This $20 billion startup is reportedly cutting lavish perks as it tries to kill its employees' 'entitlement syndrome' ahead of a possible IPO
- Palantir Technologies - a Palo Alto, California-based analytics company last valued at $20 billion - seeks to reach profitability in 2019 and eyes a potential IPO in 2020.
- To do so, the company will need to curb its culture of excessive spending, according to a Wall Street Journal report.
- Reportedly called the "Palantir Entitlement Syndrome," its team has become accustomed to next-level corporate extravagance, like 13-course tasting-menu lunches.
- The company is said to have begun cutting back on travel perks, and reportedly fired employees for expensing off-the-wall purchases like lingerie.
Palantir - a Silicon Valley-based analytics company credited with helping the United States find Osama bin Laden - is trying to tamp down on its culture of corporate spending ahead of a 2020 IPO, according to a Wall Street Journal report on Monday.
Dubbed the "Palantir Entitlement Syndrome," Palantir employees have become accustomed to next-level corporate extravagance, like 13-course tasting-menu lunches at its headquarters complete with lobster tails and sashimi, according to the report.When perks have been threatened by management in the past, employees have resisted en masse, according to the report. The Journal reports that a companywide debate broke out after artisanal bacon was nixed from the breakfast menu, in an incident known internally as "bacongate."
However, as Palantir, last valued at $20 billion, seeks to reach profitability in 2019, and eyes a potential public offering in 2020, the 14-year-old company has reportedly begun reeling in some of its spending.
According to the Journal, Palantir has started letting go of some of its office space, and slowed its hiring of engineers.
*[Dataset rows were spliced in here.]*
definition hom3 :: "'a tps \<Rightarrow> ('a \<Rightarrow> 'a \<Rightarrow> real) \<Rightarrow> 'b tps \<Rightarrow> ('b \<Rightarrow> 'b \<Rightarrow> real)
                     \<Rightarrow> ('a \<Rightarrow> 'b) \<Rightarrow> bool" where
  "hom3 S d S' d' f \<longleftrightarrow>
     f ` car S \<subseteq> car S' \<and> f (pT S) = pT S' \<and> f (pL S) = pL S' \<and> f (pR S) = pR S' \<and>
     (\<exists>K. \<forall>x\<in>car S. \<forall>y\<in>car S. d' (f x) (f y) \<le> K * d x y)"

definition tens_base :: "'a tps \<Rightarrow> ((M \<times> 'a) \<times> (M \<times> 'a)) set" where
  "tens_base S = {((Mb, pT S), (Ma, pL S)), ((Ma, pR S), (Mc, pT S)), ((Mc, pL S), (Mb, pR S))}"

definition tens_rel :: "'a tps \<Rightarrow> ((M \<times> 'a) \<times> (M \<times> 'a)) set" where
  "tens_rel S = (tens_base S \<union> (tens_base S)\<inverse>)\<^sup>*"

definition tcls :: "'a tps \<Rightarrow> M \<Rightarrow> 'a \<Rightarrow> (M \<times> 'a) set" where
  "tcls S m x = tens_rel S `` {(m, x)}"

definition tens :: "'a tps \<Rightarrow> (M \<times> 'a) set tps" where
  "tens S = TPS ((UNIV \<times> car S) // tens_rel S)
                (tcls S Ma (pT S)) (tcls S Mb (pL S)) (tcls S Mc (pR S))"

text \<open>(M \<otimes> f)(m \<otimes> x) = m \<otimes> f x (union over representatives of the class).\<close>
definition tmap :: "'a tps \<Rightarrow> 'b tps \<Rightarrow> ('a \<Rightarrow> 'b) \<Rightarrow> (M \<times> 'a) set \<Rightarrow> (M \<times> 'b) set" where
  "tmap S S' f c = (\<Union>(m, x)\<in>c. tcls S' m (f x))"

definition prod_d :: "('a \<Rightarrow> 'a \<Rightarrow> real) \<Rightarrow> (M \<times> 'a) \<Rightarrow> (M \<times> 'a) \<Rightarrow> real" where
  "prod_d d p q = (if fst p = fst q then d (snd p) (snd q) / 2 else 1)"

definition qd :: "'a tps \<Rightarrow> ('a \<Rightarrow> 'a \<Rightarrow> real) \<Rightarrow> (M \<times> 'a) set \<Rightarrow> (M \<times> 'a) set \<Rightarrow> real" where
  "qd S d c1 c2 = Inf {(\<Sum>i<n. prod_d d (p i) (q i)) | n p q.
       n \<ge> 1 \<and> (\<forall>i<n. p i \<in> UNIV \<times> car S \<and> q i \<in> UNIV \<times> car S) \<and>
       p 0 \<in> c1 \<and> q (n - 1) \<in> c2 \<and>
       (\<forall>i. Suc i < n \<longrightarrow> (q i, p (Suc i)) \<in> tens_rel S)}"

definition falg :: "'a tps \<Rightarrow> ('a \<Rightarrow> 'a \<Rightarrow> real) \<Rightarrow> ((M \<times> 'a) set \<Rightarrow> 'a) \<Rightarrow> bool" where
  "falg S d \<alpha> \<longleftrightarrow> met3 S d \<and> hom3 (tens S) (qd S d) S d \<alpha>"

datatype Z = ZT | ZL | ZR

text \<open>Words m_0 \<otimes> ... \<otimes> m_{n-1} \<otimes> z represented as (list of m_i, z).\<close>
definition G_base :: "((M list \<times> Z) \<times> (M list \<times> Z)) set" where
  "G_base = {((xs, ZT), (xs @ [Ma], ZT)) | xs. True} \<union>
            {((xs, ZL), (xs @ [Mb], ZL)) | xs. True} \<union>
            {((xs, ZR), (xs @ [Mc], ZR)) | xs. True} \<union>
            {((xs @ [Mb], ZT), (xs @ [Ma], ZL)) | xs. True} \<union>
            {((xs @ [Ma], ZR), (xs @ [Mc], ZT)) | xs. True} \<union>
            {((xs @ [Mc], ZL), (xs @ [Mb], ZR)) | xs. True}"

definition G_rel :: "((M list \<times> Z) \<times> (M list \<times> Z)) set" where
  "G_rel = (G_base \<union> G_base\<inverse>)\<^sup>*"

definition Gcl :: "M list \<Rightarrow> Z \<Rightarrow> (M list \<times> Z) set" where
  "Gcl xs z = G_rel `` {(xs, z)}"

definition G :: "(M list \<times> Z) set tps" where
  "G = TPS (UNIV // G_rel) (Gcl [] ZT) (Gcl [] ZL) (Gcl [] ZR)"

definition gmap :: "(M \<times> (M list \<times> Z) set) set \<Rightarrow> (M list \<times> Z) set" where
  "gmap c = (\<Union>(m, w)\<in>c. \<Union>(xs, z)\<in>w. Gcl (m # xs) z)"

definition disc :: "'a \<Rightarrow> 'a \<Rightarrow> real" where
  "disc x y = (if x = y then 0 else 1)"

end

theory Submission
  imports Defs
begin
(* Let $3\le k\le n-1$ and let $T$ be a tree attaining the maximum value of $M_2$ over $\mathcal{CT}_{n,k}$. If $T$ contains a pendent vertex adjacent to a vertex of degree $4$, then $T$ contains no vertex of degree $3$ adjacent to a vertex of degree $2$.
   Context: A chemical tree is a tree with maximum degree at most $4$. A pendent vertex has degree $1$. A segment of a tree is a path of positive length neither of whose end vertices has degree $2$ and all of whose internal vertices have degree $2$. $\mathcal{CT}_{n,k}$ is the class of all $n$-vertex chemical trees with exactly $k$ segments. $M_2(G)=\sum_{uv\in E(G)}d_ud_v$, where $d_v$ is the degree of $v$. *)

theory Defs
  imports Main
begin

definition adj :: "'a set set \<Rightarrow> 'a \<Rightarrow> 'a \<Rightarrow> bool" where
  "adj E u v \<longleftrightarrow> u \<noteq> v \<and> {u, v} \<in> E"

definition deg :: "'a set set \<Rightarrow> 'a \<Rightarrow> nat" where
  "deg E v = card {e \<in> E. v \<in> e}"

definition is_tree :: "'a set \<Rightarrow> 'a set set \<Rightarrow> bool" where
  "is_tree V E \<longleftrightarrow> finite V \<and> V \<noteq> {} \<and>
     E \<subseteq> {{u, v} | u v. u \<in> V \<and> v \<in> V \<and> u \<noteq> v} \<and>
     (\<forall>u\<in>V. \<forall>v\<in>V. (u, v) \<in> {(x, y). adj E x y}\<^sup>*) \<and>
     card E = card V - 1"

definition chemical :: "'a set \<Rightarrow> 'a set set \<Rightarrow> bool" where
  "chemical V E \<longleftrightarrow> (\<forall>v\<in>V. deg E v \<le> 4)"

definition is_segment :: "'a set set \<Rightarrow> 'a list \<Rightarrow> bool" where
  "is_segment E p \<longleftrightarrow> length p \<ge> 2 \<and> distinct p \<and>
     (\<forall>i < length p - 1. adj E (p ! i) (p ! Suc i)) \<and>
     deg E (hd p) \<noteq> 2 \<and> deg E (last p) \<noteq> 2 \<and>
     (\<forall>i. 0 < i \<and> i < length p - 1 \<longrightarrow> deg E (p ! i) = 2)"

text \<open>Segments are counted as unordered objects (a path and its reversal are the same
  segment); in a tree a path is determined by its vertex set.\<close>

definition num_segments :: "'a set set \<Rightarrow> nat" where
  "num_segments E = card {set p | p. is_segment E p}"

definition M2 :: "'a set set \<Rightarrow> nat" where
  "M2 E = (\<Sum>e\<in>E. \<Prod>v\<in>e. deg E v)"

definition CT :: "nat \<Rightarrow> nat \<Rightarrow> (nat set \<times> nat set set) set" where
  "CT n k = {(V, E). is_tree V E \<and> chemical V E \<and> card V = n \<and> num_segments E = k}"

end

theory Submission
  imports Defs
begin

text \<open>
  Let w have degree 3 and its neighbour x degree 2, let y be the other neighbour of x, and let
  the pendent vertex u hang at the vertex v of degree 4. Smooth x away, replacing the path
  w x y by the edge w y (a tree has no triangles), and use x instead to subdivide the edge u v.
  Every degree is preserved, the result is again a tree, and its segments correspond to those
  of T, since a segment through a subdivided edge merely gains or loses the vertex x; so the new
  tree lies in CT n k as well. The edges w x, x y, u v of weights 6, 2 d(y), 4 are replaced by
  w y, u x, x v of weights 3 d(y), 2, 8, so M2 grows by d(y) > 0, contradicting maximality.
\<close>

section \<open>Simple graphs and trees\<close>

definition all_edges :: "'a set \<Rightarrow> 'a set set" where
  "all_edges V = {{u, v} | u v. u \<in> V \<and> v \<in> V \<and> u \<noteq> v}"

definition connected_on :: "'a set \<Rightarrow> 'a set set \<Rightarrow> bool" where
  "connected_on V E \<longleftrightarrow> (\<forall>u\<in>V. \<forall>v\<in>V. (u, v) \<in> {(x, y). adj E x y}\<^sup>*)"

lemma is_tree_iff:
  "is_tree V E \<longleftrightarrow>
     finite V \<and> V \<noteq> {} \<and> E \<subseteq> all_edges V \<and> connected_on V E \<and> card E = card V - 1"
  unfolding is_tree_def all_edges_def connected_on_def ..

lemma adj_commute: "adj E u v \<longleftrightarrow> adj E v u"
  unfolding adj_def by (auto simp: insert_commute)

lemma all_edges_subset_Pow: "all_edges V \<subseteq> Pow V"
  unfolding all_edges_def by auto

lemma finite_edges: "finite V \<Longrightarrow> E \<subseteq> all_edges V \<Longrightarrow> finite E"
  using all_edges_subset_Pow by (meson finite_Pow_iff finite_subset subset_trans)

lemma edge_subset_vertices: "E \<subseteq> all_edges V \<Longrightarrow> e \<in> E \<Longrightarrow> e \<subseteq> V"
  using all_edges_subset_Pow by blast

lemma edge_other_end: "E \<subseteq> all_edges V \<Longrightarrow> e \<in> E \<Longrightarrow> z \<in> e \<Longrightarrow> \<exists>y. y \<noteq> z \<and> e = {z, y}"
  unfolding all_edges_def by auto

lemma doubleton_in_all_edges: "u \<in> V \<Longrightarrow> v \<in> V \<Longrightarrow> u \<noteq> v \<Longrightarrow> {u, v} \<in> all_edges V"
  unfolding all_edges_def by blast

lemma all_edges_mono: "V \<subseteq> W \<Longrightarrow> all_edges V \<subseteq> all_edges W"
  unfolding all_edges_def by blast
At the same time, those lavish perks have apparently come under scrutiny, as the report says that two employees were fired after expensing lingerie and suits, the Journal reports, citing people familiar with the incident. Similarly, last-minute international business-class travel is no longer an acceptable expense.
Read the full Wall Street Journal report here.
Palantir did not immediately respond to Business Insider's request for comment.